▶ [WHAT TO WORK ON]:
The output is the lines below from the one with "then obtain a" through the one with "and using cyclicity, the", both included, printed exactly and with no other line.
☆ ☆ ☆ ☆ ☆
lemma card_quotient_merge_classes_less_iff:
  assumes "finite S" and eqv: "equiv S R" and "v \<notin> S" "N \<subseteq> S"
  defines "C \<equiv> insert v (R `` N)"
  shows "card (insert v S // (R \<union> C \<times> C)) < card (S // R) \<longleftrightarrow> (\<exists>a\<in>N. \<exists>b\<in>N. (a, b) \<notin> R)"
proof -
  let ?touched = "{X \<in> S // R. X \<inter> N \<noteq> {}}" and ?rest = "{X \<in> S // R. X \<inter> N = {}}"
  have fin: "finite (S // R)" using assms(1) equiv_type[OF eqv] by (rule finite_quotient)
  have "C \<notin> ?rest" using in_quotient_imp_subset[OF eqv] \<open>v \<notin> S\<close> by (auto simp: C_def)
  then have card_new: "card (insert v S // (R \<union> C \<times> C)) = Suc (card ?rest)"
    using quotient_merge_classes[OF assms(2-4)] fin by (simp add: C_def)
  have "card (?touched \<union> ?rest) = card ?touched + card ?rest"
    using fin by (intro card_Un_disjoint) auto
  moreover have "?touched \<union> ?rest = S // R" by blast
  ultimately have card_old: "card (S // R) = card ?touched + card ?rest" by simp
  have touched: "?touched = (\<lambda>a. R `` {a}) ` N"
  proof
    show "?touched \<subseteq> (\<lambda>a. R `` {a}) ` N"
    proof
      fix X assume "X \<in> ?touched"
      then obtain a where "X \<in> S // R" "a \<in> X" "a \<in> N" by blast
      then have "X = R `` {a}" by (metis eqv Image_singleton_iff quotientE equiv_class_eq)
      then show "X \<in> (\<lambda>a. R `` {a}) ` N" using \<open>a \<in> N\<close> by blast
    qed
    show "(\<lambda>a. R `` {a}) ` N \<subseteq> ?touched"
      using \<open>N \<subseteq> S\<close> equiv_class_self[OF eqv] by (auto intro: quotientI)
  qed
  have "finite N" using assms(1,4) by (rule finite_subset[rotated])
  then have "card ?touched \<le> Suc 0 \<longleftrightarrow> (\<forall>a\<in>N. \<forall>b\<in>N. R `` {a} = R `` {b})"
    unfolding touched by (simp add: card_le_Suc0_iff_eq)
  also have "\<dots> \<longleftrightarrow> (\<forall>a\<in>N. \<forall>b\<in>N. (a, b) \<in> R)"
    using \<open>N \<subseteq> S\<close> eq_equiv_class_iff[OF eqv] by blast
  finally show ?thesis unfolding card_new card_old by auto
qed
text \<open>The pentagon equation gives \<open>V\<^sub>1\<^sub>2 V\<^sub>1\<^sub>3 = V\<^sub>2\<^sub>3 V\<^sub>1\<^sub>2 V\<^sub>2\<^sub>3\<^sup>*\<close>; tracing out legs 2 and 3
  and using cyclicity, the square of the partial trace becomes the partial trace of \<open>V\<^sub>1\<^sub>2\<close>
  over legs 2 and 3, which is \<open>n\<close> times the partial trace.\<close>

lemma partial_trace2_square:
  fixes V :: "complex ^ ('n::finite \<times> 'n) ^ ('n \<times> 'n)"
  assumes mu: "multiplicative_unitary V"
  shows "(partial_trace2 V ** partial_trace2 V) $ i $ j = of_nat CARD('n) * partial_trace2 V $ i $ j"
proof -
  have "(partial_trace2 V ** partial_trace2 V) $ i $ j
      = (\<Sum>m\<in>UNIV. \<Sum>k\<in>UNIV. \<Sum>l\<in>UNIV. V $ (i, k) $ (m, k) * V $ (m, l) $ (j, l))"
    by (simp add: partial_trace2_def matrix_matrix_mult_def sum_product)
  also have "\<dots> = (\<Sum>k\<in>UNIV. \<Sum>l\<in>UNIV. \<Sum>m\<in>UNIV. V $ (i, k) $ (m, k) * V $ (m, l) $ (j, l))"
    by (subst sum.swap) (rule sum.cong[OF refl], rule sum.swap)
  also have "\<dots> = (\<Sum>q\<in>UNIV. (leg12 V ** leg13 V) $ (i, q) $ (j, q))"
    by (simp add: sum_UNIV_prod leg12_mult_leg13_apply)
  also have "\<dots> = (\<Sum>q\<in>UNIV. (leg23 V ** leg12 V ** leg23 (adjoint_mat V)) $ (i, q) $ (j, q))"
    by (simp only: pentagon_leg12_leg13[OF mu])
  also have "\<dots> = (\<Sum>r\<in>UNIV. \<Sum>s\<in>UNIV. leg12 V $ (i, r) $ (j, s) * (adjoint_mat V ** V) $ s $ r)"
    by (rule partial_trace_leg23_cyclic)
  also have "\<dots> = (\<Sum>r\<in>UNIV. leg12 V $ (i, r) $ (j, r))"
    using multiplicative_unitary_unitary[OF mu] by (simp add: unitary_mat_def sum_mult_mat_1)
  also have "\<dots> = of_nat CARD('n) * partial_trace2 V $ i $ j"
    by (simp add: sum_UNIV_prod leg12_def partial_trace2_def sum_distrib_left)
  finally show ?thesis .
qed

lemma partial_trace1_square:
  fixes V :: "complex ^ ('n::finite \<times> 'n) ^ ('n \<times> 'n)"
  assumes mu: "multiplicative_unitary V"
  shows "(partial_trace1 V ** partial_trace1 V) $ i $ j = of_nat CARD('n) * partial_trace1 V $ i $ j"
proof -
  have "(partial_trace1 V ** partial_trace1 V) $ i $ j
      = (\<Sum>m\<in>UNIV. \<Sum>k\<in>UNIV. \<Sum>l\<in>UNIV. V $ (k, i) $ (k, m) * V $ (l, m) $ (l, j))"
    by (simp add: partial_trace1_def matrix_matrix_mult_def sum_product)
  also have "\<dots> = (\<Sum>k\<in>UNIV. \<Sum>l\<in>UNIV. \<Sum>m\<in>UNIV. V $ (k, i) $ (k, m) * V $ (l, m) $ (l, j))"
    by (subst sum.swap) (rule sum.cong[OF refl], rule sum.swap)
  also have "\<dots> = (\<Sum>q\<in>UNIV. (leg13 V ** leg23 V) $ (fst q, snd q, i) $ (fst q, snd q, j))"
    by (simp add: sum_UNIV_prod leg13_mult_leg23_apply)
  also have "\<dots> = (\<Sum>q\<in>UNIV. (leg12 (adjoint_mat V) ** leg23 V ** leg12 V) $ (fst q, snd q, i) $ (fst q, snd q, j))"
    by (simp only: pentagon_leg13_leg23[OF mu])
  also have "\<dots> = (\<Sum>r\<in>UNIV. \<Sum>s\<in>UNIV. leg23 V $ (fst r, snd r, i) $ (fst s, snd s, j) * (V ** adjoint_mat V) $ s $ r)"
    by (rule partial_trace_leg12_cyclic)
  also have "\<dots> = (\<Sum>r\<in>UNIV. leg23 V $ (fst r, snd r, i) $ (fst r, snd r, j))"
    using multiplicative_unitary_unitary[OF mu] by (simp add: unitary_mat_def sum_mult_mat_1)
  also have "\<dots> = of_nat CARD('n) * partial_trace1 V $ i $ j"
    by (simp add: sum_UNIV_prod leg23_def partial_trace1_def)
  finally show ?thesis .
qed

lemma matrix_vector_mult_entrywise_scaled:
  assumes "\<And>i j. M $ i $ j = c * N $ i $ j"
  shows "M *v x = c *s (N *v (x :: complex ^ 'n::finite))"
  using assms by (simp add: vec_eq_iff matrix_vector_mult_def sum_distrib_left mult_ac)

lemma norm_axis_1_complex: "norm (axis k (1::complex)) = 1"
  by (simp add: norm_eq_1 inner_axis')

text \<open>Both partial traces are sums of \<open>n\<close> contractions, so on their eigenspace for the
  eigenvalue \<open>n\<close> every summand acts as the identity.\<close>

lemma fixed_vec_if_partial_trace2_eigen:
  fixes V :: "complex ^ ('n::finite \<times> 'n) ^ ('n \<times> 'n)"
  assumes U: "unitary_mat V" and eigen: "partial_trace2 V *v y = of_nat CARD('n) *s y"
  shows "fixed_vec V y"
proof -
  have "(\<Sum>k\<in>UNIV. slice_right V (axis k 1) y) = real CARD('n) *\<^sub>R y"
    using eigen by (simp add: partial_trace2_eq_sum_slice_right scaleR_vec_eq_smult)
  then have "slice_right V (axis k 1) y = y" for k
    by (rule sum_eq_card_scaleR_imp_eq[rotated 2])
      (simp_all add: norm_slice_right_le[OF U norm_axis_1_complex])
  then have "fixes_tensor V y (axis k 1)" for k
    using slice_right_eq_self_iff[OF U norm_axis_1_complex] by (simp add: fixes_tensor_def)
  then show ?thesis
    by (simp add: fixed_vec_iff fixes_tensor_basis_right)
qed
☆ ☆ ☆ ☆ ☆
▶ [ANSWER SPACE]:
      then obtain a where "X \<in> S // R" "a \<in> X" "a \<in> N" by blast
      then have "X = R `` {a}" by (metis eqv Image_singleton_iff quotientE equiv_class_eq)
      then show "X \<in> (\<lambda>a. R `` {a}) ` N" using \<open>a \<in> N\<close> by blast
    qed
    show "(\<lambda>a. R `` {a}) ` N \<subseteq> ?touched"
      using \<open>N \<subseteq> S\<close> equiv_class_self[OF eqv] by (auto intro: quotientI)
  qed
  have "finite N" using assms(1,4) by (rule finite_subset[rotated])
  then have "card ?touched \<le> Suc 0 \<longleftrightarrow> (\<forall>a\<in>N. \<forall>b\<in>N. R `` {a} = R `` {b})"
    unfolding touched by (simp add: card_le_Suc0_iff_eq)
  also have "\<dots> \<longleftrightarrow> (\<forall>a\<in>N. \<forall>b\<in>N. (a, b) \<in> R)"
    using \<open>N \<subseteq> S\<close> eq_equiv_class_iff[OF eqv] by blast
  finally show ?thesis unfolding card_new card_old by auto
qed
text \<open>The pentagon equation gives \<open>V\<^sub>1\<^sub>2 V\<^sub>1\<^sub>3 = V\<^sub>2\<^sub>3 V\<^sub>1\<^sub>2 V\<^sub>2\<^sub>3\<^sup>*\<close>; tracing out legs 2 and 3
  and using cyclicity, the square of the partial trace becomes the partial trace of \<open>V\<^sub>1\<^sub>2\<close>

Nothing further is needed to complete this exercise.